If Blankfein wants a bigger bonus, he should stock up on Ed Hardy.

Posted on by Guy Fox and tagged , , , , , , , , . Bookmark the permalink.

About 10 years ago there was a debate in Canada about whether Canadian NHL teams should receive a subsidy to be able to compete with big-market American teams. As soon as somebody came up with the soundbite “no millions for millionaires”, the plan promptly died. This makes the phrase a remarkable innovation that you should keep handy in your pocket like that expired condom you’ve been carrying around since high school. If you think that not wanting to subsidize your local cultural elite is a standard reaction, I’ll bet $245 billion in TARP money that you’re wrong.

The Economist reports that a couple of Dutch researchers have studied the effects designer labels have on others’ perception. Specifically, they found that students dressed up in Tommy Hilfiger or Lacoste clothes with prominent labels were ranked as higher status and wealthier than others wearing cheaper labels or none. Although a couple of their experiments didn’t involve money, one asked people what the contrived fashionistas should receive in salary after a fake job interview, one had the students canvassing door-to-door for charity, and one had volunteers playing a variant of the ultimatum game with bonafide €0.10 coins against pictures of more or less fashionably dressed opponents. Those wearing designer clothes got 9% more salary, nearly twice as much charity and 36% more trust in the game.

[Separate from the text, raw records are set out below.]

lemma mem_cyclic_ext: "a \<in> cyclic_ext C a"
  unfolding cyclic_ext_def using C add_subgroup_zero by (force intro!: exI [of _ 1])

lemma cyclic_ext_reduce:
  assumes "c \<in> C"
  defines "k \<equiv> order_modulo C a"
  shows "c + nat_smult j a = (c + nat_smult (j div k) (nat_smult k a)) + nat_smult (j mod k) a"
    and "c + nat_smult (j div k) (nat_smult k a) \<in> C" "j mod k < k"
  using assms order_modulo_pos nat_smult_order_modulo
  by (simp_all add: nat_smult_div_mod [of j a k] add.assoc add_subgroup_add add_subgroup_nat_smult C)

lemma cyclic_ext_repr_unique:
  assumes "c \<in> C" "c' \<in> C" "j < order_modulo C a" "j' < order_modulo C a"
    and "c + nat_smult j a = c' + nat_smult j' a"
  shows "c = c' \<and> j = j'"
proof -
  have "c = c' \<and> j = j'" if "c \<in> C" "c' \<in> C" "j \<le> j'" "j' < order_modulo C a"
    and "c + nat_smult j a = c' + nat_smult j' a" for c c' j j'
  proof -
    from that(3) have "nat_smult j' a = nat_smult (j' - j) a + nat_smult j a"
      by (simp add: nat_smult_add [symmetric])
    with that(5) have "c = c' + nat_smult (j' - j) a"
      by (simp add: add.assoc [symmetric])
    then have "nat_smult (j' - j) a = c - c'"
      by simp
    with that(1,2) C have "nat_smult (j' - j) a \<in> C"
      by (simp add: add_subgroup_diff)
    with that(3,4) have "j' - j = 0"
      using nat_smult_notin_below_order_modulo [of "j' - j"] by linarith
    with \<open>c = _\<close> that(3) show ?thesis
      by simp
  qed
  from this [of c c' j j'] this [of c' c j' j] assms show ?thesis
    by (cases "j \<le> j'") simp_all
qed
lemma (in prob_space) L2norm_hidden_state_le:
  fixes \<phi> :: "real \<Rightarrow> real" and W :: "'a \<times> 'a \<Rightarrow> real" and b h :: "'a \<Rightarrow> real"
  assumes \<phi>: "activation \<phi>" and W: "L2 (M \<Otimes>\<^sub>M M) W" and b: "L2 M b"
    and "Lact \<phi> * L2norm (M \<Otimes>\<^sub>M M) W \<le> 1"
    and h: "L2 M h" and eq: "AE x in M. h x = integral_operator M W (\<lambda>y. \<phi> (h y)) x + b x"
  shows "L2norm M h \<le> 1 + L2norm M b"
proof -
  interpret P: pair_prob_space M M by unfold_locales
  define T where "T = integral_operator M W (\<lambda>y. \<phi> (h y))"
  have L2_\<phi>h: "L2 M (\<lambda>y. \<phi> (h y))" and norm_\<phi>h: "L2norm M (\<lambda>y. \<phi> (h y)) \<le> Lact \<phi>"
    using L2_activation_comp[OF \<phi> L2_imp_borel_measurable[OF h]] by simp_all
  have L2_T: "L2 M T"
    unfolding T_def using W L2_\<phi>h by (rule P.L2_integral_operator(1))
  have "L2norm M h = L2norm M (\<lambda>x. T x + b x)"
    using L2_add[OF L2_T b] h eq by (intro L2norm_cong_AE) (simp_all add: T_def L2_imp_borel_measurable)
  also have "\<dots> \<le> L2norm M T + L2norm M b"
    using L2_T b by (rule L2norm_triangle_ineq)
  also have "L2norm M T \<le> L2norm (M \<Otimes>\<^sub>M M) W * Lact \<phi>"
    unfolding T_def using P.L2_integral_operator(2)[OF W L2_\<phi>h] norm_\<phi>h
    by (meson L2norm_nonneg mult_left_mono order_trans)
  finally show ?thesis
    using assms(4) by (simp add: mult.commute)
qed

theorem proposition1:
  fixes p :: nat
    and \<phi> \<psi> :: "real \<Rightarrow> real"
    and W_in W_out W :: "(nat \<Rightarrow> nat) \<times> (nat \<Rightarrow> nat) \<Rightarrow> real"
    and \<xi> \<xi>_out xin :: "(nat \<Rightarrow> nat) \<Rightarrow> real"
  assumes "prime p"
    and "activation \<phi>" and "activation \<psi>"
    and "L2 (Zp p \<Otimes>\<^sub>M Zp p) W_in" and "L2 (Zp p \<Otimes>\<^sub>M Zp p) W_out" and "L2 (Zp p \<Otimes>\<^sub>M Zp p) W"
    and "L2 (Zp p) \<xi>" and "L2 (Zp p) \<xi>_out" and "L2 (Zp p) xin"
    and "0 < Lact \<phi> * L2norm (Zp p \<Otimes>\<^sub>M Zp p) W"
    and "Lact \<phi> * L2norm (Zp p \<Otimes>\<^sub>M Zp p) W < 1"
  shows "\<exists>h. L2 (Zp p) h
    \<and> (AE x in Zp p. h x = (\<integral>y. W (x, y) * \<phi> (h y) \<partial>Zp p)
                          + (\<integral>y. W_in (x, y) * xin y \<partial>Zp p) + \<xi> x)
    \<and> (\<forall>h'. L2 (Zp p) h'
          \<and> (AE x in Zp p. h' x = (\<integral>y. W (x, y) * \<phi> (h' y) \<partial>Zp p)
                          + (\<integral>y. W_in (x, y) * xin y \<partial>Zp p) + \<xi> x)
          \<longrightarrow> (AE x in Zp p. h' x = h x))
    \<and> L2 (Zp p) (\<lambda>x. (\<integral>y. W_out (x, y) * \<psi> (h y) \<partial>Zp p) + \<xi>_out x)
    \<and> L2norm (Zp p) h \<le> 1 + L2norm (Zp p \<Otimes>\<^sub>M Zp p) W_in * L2norm (Zp p) xin
                         + L2norm (Zp p) \<xi>"
proof -
  interpret Zp: prob_space "Zp p"
    unfolding Zp_def by (intro prob_space_PiM prob_space_measure_pmf)
  interpret P: pair_prob_space "Zp p" "Zp p" by unfold_locales
  define input where "input = integral_operator (Zp p) W_in xin"
  have L2_input: "L2 (Zp p) input"
    unfolding input_def using assms(4,9) by (rule P.L2_integral_operator(1))
  have L2_b: "L2 (Zp p) (\<lambda>x. input x + \<xi> x)"
    using L2_input assms(7) by (rule L2_add)
  obtain h where h: "L2 (Zp p) h"
    and eq: "AE x in Zp p. h x = integral_operator (Zp p) W (\<lambda>y. \<phi> (h y)) x + (input x + \<xi> x)"
    and unique: "\<forall>h'. L2 (Zp p) h'
      \<and> (AE x in Zp p. h' x = integral_operator (Zp p) W (\<lambda>y. \<phi> (h' y)) x + (input x + \<xi> x))
      \<longrightarrow> (AE x in Zp p. h' x = h x)"
    using Zp.hidden_state_equation_unique_solution[OF assms(2,6) L2_b assms(11)] by blast
  have "L2norm (Zp p) h \<le> 1 + L2norm (Zp p) (\<lambda>x. input x + \<xi> x)"
    using assms(11) by (intro Zp.L2norm_hidden_state_le[OF assms(2,6) L2_b _ h eq]) simp
  also have "\<dots> \<le> 1 + (L2norm (Zp p \<Otimes>\<^sub>M Zp p) W_in * L2norm (Zp p) xin + L2norm (Zp p) \<xi>)"
    using L2norm_triangle_ineq[OF L2_input assms(7)] P.L2_integral_operator(2)[OF assms(4,9)]
    unfolding input_def by linarith
  finally have bound: "L2norm (Zp p) h \<le> 1 + L2norm (Zp p \<Otimes>\<^sub>M Zp p) W_in * L2norm (Zp p) xin + L2norm (Zp p) \<xi>"
    by simp
  have "L2 (Zp p) (\<lambda>x. integral_operator (Zp p) W_out (\<lambda>y. \<psi> (h y)) x + \<xi>_out x)"
    using P.L2_integral_operator(1)[OF assms(5) Zp.L2_activation_comp(1)[OF assms(3) L2_imp_borel_measurable[OF h]]]
      assms(8) by (rule L2_add)
  with h eq unique bound show ?thesis
    unfolding input_def integral_operator_def add.assoc by blast
qed

end
(* Let $L$ be a primitive $\mathbb{Z}_2$-lattice of rank at least $4$. If $L$ is of type A, then $B(\mathbf x,\mathbf y)\in 2^{\nu_2(L)-2}\mathbb{Z}_2$ for all $\mathbf x,\mathbf y\in L$ with $\mathrm{ord}_2(Q(\mathbf x))=\mathrm{ord}_2(Q(\mathbf y))=\nu_2(L)$.
   Context: A $\mathbb{Z}_2$-lattice is a free $\mathbb{Z}_2$-module of finite rank with a non-degenerate symmetric bilinear form $B$ with values in $\mathbb{Z}_2$; $Q(\mathbf x)=B(\mathbf x,\mathbf x)$. Scale $\mathfrak sL$ = ideal generated by all $B(\mathbf x,\mathbf y)$; norm $\mathfrak nL$ = ideal generated by all $Q(\mathbf x)$; primitive means $\mathfrak sL=\mathbb{Z}_2$. Let $SC_2=\{1,3,5,7,2,6,10,14\}$. For $L$ of rank $\ge4$ and $s\in SC_2$, let $u\ge0$ be least with $s4^u=Q(\mathbf x)$ for some $\mathbf x\in L$; $\nu_{2,s}(L)=\mathrm{ord}_2(s4^u)$; $\nu_2(L)=\max_s\nu_{2,s}(L)$. A primitive $\mathbb{Z}_2$-lattice $L$ of rank $\ge4$ is of type A if there is a Jordan decomposition $L=\ell_1\perp\cdots\perp\ell_k$ with $\mathbb{Z}_2=\mathfrak s(\ell_1)\supsetneq\cdots\supsetneq\mathfrak s(\ell_k)$ and a positive integer $t$ such that $\ell_1\perp\cdots\perp\ell_{t-1}$ is an anisotropic ternary $\mathbb{Z}_2$-lattice and $\mathfrak n\ell_t\subseteq 8\,\mathfrak s\ell_{t-1}$. *)

theory Defs
  imports "Jordan_Normal_Form.Determinant" "HOL-Library.Extended_Nat"
begin

text \<open>A 2-adic integer is a compatible sequence of residues: the k-th entry is
  its residue modulo 2^k, taken in the range 0..2^k-1.\<close>

typedef z2 = "{f :: nat \<Rightarrow> int. \<forall>k. f k = f (Suc k) mod 2 ^ k}"
  morphisms digits Abs_z2
  by (rule exI[of _ "\<lambda>_. 0"]) simp

setup_lifting type_definition_z2

lemma z2_mod_step: "(x::int) mod 2 ^ Suc k mod 2 ^ k = x mod 2 ^ k"
proof -
  have "(2::int) ^ k dvd 2 ^ Suc k" by (simp add: le_imp_power_dvd)
  then show ?thesis by (rule mod_mod_cancel)
qed

lemma compat_plus:
  fixes f g :: "nat \<Rightarrow> int"
  assumes "\<forall>k. f k = f (Suc k) mod 2 ^ k" "\<forall>k. g k = g (Suc k) mod 2 ^ k"
  shows "(f k + g k) mod 2 ^ k = (f (Suc k) + g (Suc k)) mod 2 ^ Suc k mod 2 ^ k"
  unfolding z2_mod_step using assms by (metis mod_add_eq)
lemma compat_times:
  fixes f g :: "nat \<Rightarrow> int"
  assumes "\<forall>k. f k = f (Suc k) mod 2 ^ k" "\<forall>k. g k = g (Suc k) mod 2 ^ k"
  shows "(f k * g k) mod 2 ^ k = (f (Suc k) * g (Suc k)) mod 2 ^ Suc k mod 2 ^ k"
  unfolding z2_mod_step using assms by (metis mod_mult_eq)
lemma compat_uminus:
  fixes f :: "nat \<Rightarrow> int"
  assumes "\<forall>k. f k = f (Suc k) mod 2 ^ k"
  shows "(- f k) mod 2 ^ k = (- f (Suc k)) mod 2 ^ Suc k mod 2 ^ k"
  unfolding z2_mod_step using assms by (metis mod_minus_eq)

instantiation z2 :: comm_ring_1
begin

lift_definition zero_z2 :: z2 is "\<lambda>_. 0" by simp
lift_definition one_z2 :: z2 is "\<lambda>k. 1 mod 2 ^ k"
  by (metis z2_mod_step)
lift_definition plus_z2 :: "z2 \<Rightarrow> z2 \<Rightarrow> z2" is "\<lambda>f g k. (f k + g k) mod 2 ^ k"
  by (rule compat_plus) blast+
lift_definition times_z2 :: "z2 \<Rightarrow> z2 \<Rightarrow> z2" is "\<lambda>f g k. (f k * g k) mod 2 ^ k"
  by (rule compat_times) blast+
lift_definition uminus_z2 :: "z2 \<Rightarrow> z2" is "\<lambda>f k. (- f k) mod 2 ^ k"
  by (rule compat_uminus) blast
definition minus_z2 :: "z2 \<Rightarrow> z2 \<Rightarrow> z2" where "minus_z2 a b = a + - b"

lemma digits_mod: "digits a k mod 2 ^ k = digits a k"
proof -
  have "digits a k = digits a (Suc k) mod 2 ^ k" using digits[of a] by blast
  then show ?thesis by (metis mod_mod_trivial)
qed

lemma digits_0: "digits a 0 = 0"
  using digits_mod[of a 0] by simp

lemma z2_eqI: "(\<And>k. digits a k = digits b k) \<Longrightarrow> a = b"
  by (simp add: digits_inject[symmetric] fun_eq_iff)

lemma z2_add_assoc: "(a::z2) + b + c = a + (b + c)"
  by (rule z2_eqI) (simp add: plus_z2.rep_eq mod_add_left_eq mod_add_right_eq add.assoc)
lemma z2_add_comm: "(a::z2) + b = b + a"
  by (rule z2_eqI) (simp add: plus_z2.rep_eq add.commute)
lemma z2_add_0: "0 + (a::z2) = a"
  by (rule z2_eqI) (simp add: plus_z2.rep_eq zero_z2.rep_eq digits_mod)
lemma z2_neg: "- (a::z2) + a = 0"
  by (rule z2_eqI) (simp add: plus_z2.rep_eq zero_z2.rep_eq uminus_z2.rep_eq mod_add_left_eq)
lemma z2_mult_assoc: "(a::z2) * b * c = a * (b * c)"
  by (rule z2_eqI) (simp add: times_z2.rep_eq mod_mult_left_eq mod_mult_right_eq mult.assoc)
lemma z2_mult_comm: "(a::z2) * b = b * a"
  by (rule z2_eqI) (simp add: times_z2.rep_eq mult.commute)
lemma z2_mult_1: "1 * (a::z2) = a"
  by (rule z2_eqI) (simp add: times_z2.rep_eq one_z2.rep_eq mod_mult_left_eq digits_mod digits_0)
lemma z2_distrib: "((a::z2) + b) * c = a * c + b * c"
proof (rule z2_eqI)
  fix k
  have "((digits a k + digits b k) mod 2 ^ k * digits c k) mod 2 ^ k
      = (digits a k * digits c k + digits b k * digits c k) mod 2 ^ k"
    by (simp add: mod_mult_left_eq distrib_right)
  also have "\<dots> = ((digits a k * digits c k) mod 2 ^ k + (digits b k * digits c k) mod 2 ^ k) mod 2 ^ k"
    by (rule mod_add_eq[symmetric])
  finally show "digits ((a + b) * c) k = digits (a * c + b * c) k"
    unfolding times_z2.rep_eq plus_z2.rep_eq .
qed
lemma z2_01: "(0::z2) \<noteq> 1"
proof
  assume "(0::z2) = 1"
  then have "digits (0::z2) 1 = digits 1 1" by simp
  then show False by (simp add: zero_z2.rep_eq one_z2.rep_eq)
qed

instance
proof
  fix a b c :: z2
  show "a + b + c = a + (b + c)" by (rule z2_add_assoc)
  show "a + b = b + a" by (rule z2_add_comm)
  show "0 + a = a" by (rule z2_add_0)
  show "- a + a = 0" by (rule z2_neg)
  show "a - b = a + - b" by (simp add: minus_z2_def)
  show "a * b * c = a * (b * c)" by (rule z2_mult_assoc)
  show "a * b = b * a" by (rule z2_mult_comm)
  show "1 * a = a" by (rule z2_mult_1)
  show "(a + b) * c = a * c + b * c" by (rule z2_distrib)
  show "(0::z2) \<noteq> 1" by (rule z2_01)
qed

end

definition ord2 :: "z2 \<Rightarrow> enat" where
  "ord2 a = (if a = 0 then \<infinity> else enat (LEAST k. \<not> (2::z2) ^ Suc k dvd a))"

definition ideal_gen :: "z2 set \<Rightarrow> z2 set" where
  "ideal_gen S = {a. \<exists>xs :: (z2 \<times> z2) list. set (map snd xs) \<subseteq> S \<and>
                       a = sum_list (map (\<lambda>(r, s). r * s) xs)}"

text \<open>A Z_2-lattice of rank n is Z_2^n (vectors in carrier_vec n) with the
  bilinear form given by a symmetric Gram matrix G with nonzero determinant.\<close>
definition is_Z2_lattice :: "z2 mat \<Rightarrow> nat \<Rightarrow> bool" where
  "is_Z2_lattice G n \<longleftrightarrow> G \<in> carrier_mat n n \<and> transpose_mat G = G \<and> det G \<noteq> 0"

definition bform :: "z2 mat \<Rightarrow> z2 vec \<Rightarrow> z2 vec \<Rightarrow> z2" where
  "bform G x y = x \<bullet> (G *\<^sub>v y)"

definition qform :: "z2 mat \<Rightarrow> z2 vec \<Rightarrow> z2" where
  "qform G x = bform G x x"

definition scale_of :: "z2 mat \<Rightarrow> z2 vec set \<Rightarrow> z2 set" where
  "scale_of G M = ideal_gen {bform G x y | x y. x \<in> M \<and> y \<in> M}"

definition norm_of :: "z2 mat \<Rightarrow> z2 vec set \<Rightarrow> z2 set" where
  "norm_of G M = ideal_gen {qform G x | x. x \<in> M}"

definition primitive :: "z2 mat \<Rightarrow> nat \<Rightarrow> bool" where
  "primitive G n \<longleftrightarrow> scale_of G (carrier_vec n) = UNIV"

definition SC2 :: "nat set" where "SC2 = {1, 3, 5, 7, 2, 6, 10, 14}"

definition least_u :: "z2 mat \<Rightarrow> nat \<Rightarrow> nat \<Rightarrow> nat" where
  "least_u G n s = (LEAST u. \<exists>x \<in> carrier_vec n. qform G x = of_nat s * 4 ^ u)"

definition nu2s :: "z2 mat \<Rightarrow> nat \<Rightarrow> nat \<Rightarrow> nat" where
  "nu2s G n s = the_enat (ord2 (of_nat s * 4 ^ least_u G n s))"

definition nu2 :: "z2 mat \<Rightarrow> nat \<Rightarrow> nat" where
  "nu2 G n = Max (nu2s G n ` SC2)"

text \<open>A Jordan decomposition is encoded by a basis of L (the columns of an
  invertible matrix P over Z_2) together with block boundaries
  bs = [b_0 = 0 < b_1 < ... < b_k = n]; the j-th component (j = 1..k) is the
  Z_2-span of the basis vectors with indices in {b_(j-1)..<b_j}.\<close>

definition span_cols :: "z2 mat \<Rightarrow> nat \<Rightarrow> nat set \<Rightarrow> z2 vec set" where
  "span_cols P n A = {P *\<^sub>v v | v. v \<in> carrier_vec n \<and> (\<forall>i<n. i \<notin> A \<longrightarrow> v $ i = 0)}"

definition blk :: "nat list \<Rightarrow> nat \<Rightarrow> nat set" where
  "blk bs j = {bs ! (j - 1) ..< bs ! j}"

definition comp :: "z2 mat \<Rightarrow> nat \<Rightarrow> nat list \<Rightarrow> nat \<Rightarrow> z2 vec set" where
  "comp P n bs j = span_cols P n (blk bs j)"

definition blk_gram :: "z2 mat \<Rightarrow> z2 mat \<Rightarrow> nat list \<Rightarrow> nat \<Rightarrow> z2 mat" where
  "blk_gram G P bs j = mat (bs ! j - bs ! (j - 1)) (bs ! j - bs ! (j - 1))
      (\<lambda>(p, q). bform G (col P (bs ! (j - 1) + p)) (col P (bs ! (j - 1) + q)))"

definition modular_blk :: "z2 mat \<Rightarrow> z2 mat \<Rightarrow> nat list \<Rightarrow> nat \<Rightarrow> bool" where
  "modular_blk G P bs j \<longleftrightarrow> (\<exists>(a::nat) U. U \<in> carrier_mat (bs ! j - bs ! (j - 1)) (bs ! j - bs ! (j - 1))
      \<and> det U dvd 1 \<and> blk_gram G P bs j = (2 ^ a) \<cdot>\<^sub>m U)"

definition jordan_decomp :: "z2 mat \<Rightarrow> nat \<Rightarrow> z2 mat \<Rightarrow> nat list \<Rightarrow> bool" where
  "jordan_decomp G n P bs \<longleftrightarrow>
     P \<in> carrier_mat n n \<and> invertible_mat P \<and>
     length bs \<ge> 2 \<and> bs ! 0 = 0 \<and> last bs = n \<and>
     (\<forall>j. j + 1 < length bs \<longrightarrow> bs ! j < bs ! (Suc j)) \<and>
     (\<forall>i j p q. 1 \<le> i \<and> i < length bs \<and> 1 \<le> j \<and> j < length bs \<and> i \<noteq> j \<and>
        p \<in> blk bs i \<and> q \<in> blk bs j \<longrightarrow> bform G (col P p) (col P q) = 0) \<and>
     (\<forall>j. 1 \<le> j \<and> j < length bs \<longrightarrow> modular_blk G P bs j) \<and>
     scale_of G (comp P n bs 1) = UNIV \<and>
     (\<forall>j. 1 \<le> j \<and> j + 1 < length bs \<longrightarrow>
        scale_of G (comp P n bs (Suc j)) \<subset> scale_of G (comp P n bs j))"

definition anisotropic :: "z2 mat \<Rightarrow> nat \<Rightarrow> z2 vec set \<Rightarrow> bool" where
  "anisotropic G n M \<longleftrightarrow> (\<forall>x \<in> M. qform G x = 0 \<longrightarrow> x = 0\<^sub>v n)"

The explanation provided is that more expensive clothes represent a costly signal. In other words, buying expensive and ostentatious things works like a down payment on your admission fee to the Good-ol’ boys club. Anyone who’s tried to enjoy an evening at the opera in track pants and flip-flops will get this immediately.

Where it gets perverse is in how the researchers structured the study and in how their (partial) test subjects reacted. They chose the brands precisely because they exude an air of luxury (at least in a third-world country like Holland) and are known to be expensive. Money is default proxy for prestige, status, quality, and virtue. It’s perhaps not too surprising that the respondents seemed to equate status and wealth, but giving people who can ostentatiously display their wealth more charity money than people in greater apparent need is kinda like sending bibles to the Vatican, no? Having committed the cardinal sin of not having read the original study, I can’t say if it ever came up, but what would the canvasser have replied if a donor had answered the door and said, “Gee, I don’t know how much I should donate. What did you give?”. The same logic applies to the salary and trust experiments: the more you seem to have, the more people are likely to give you. Millions for millionaires, indeed.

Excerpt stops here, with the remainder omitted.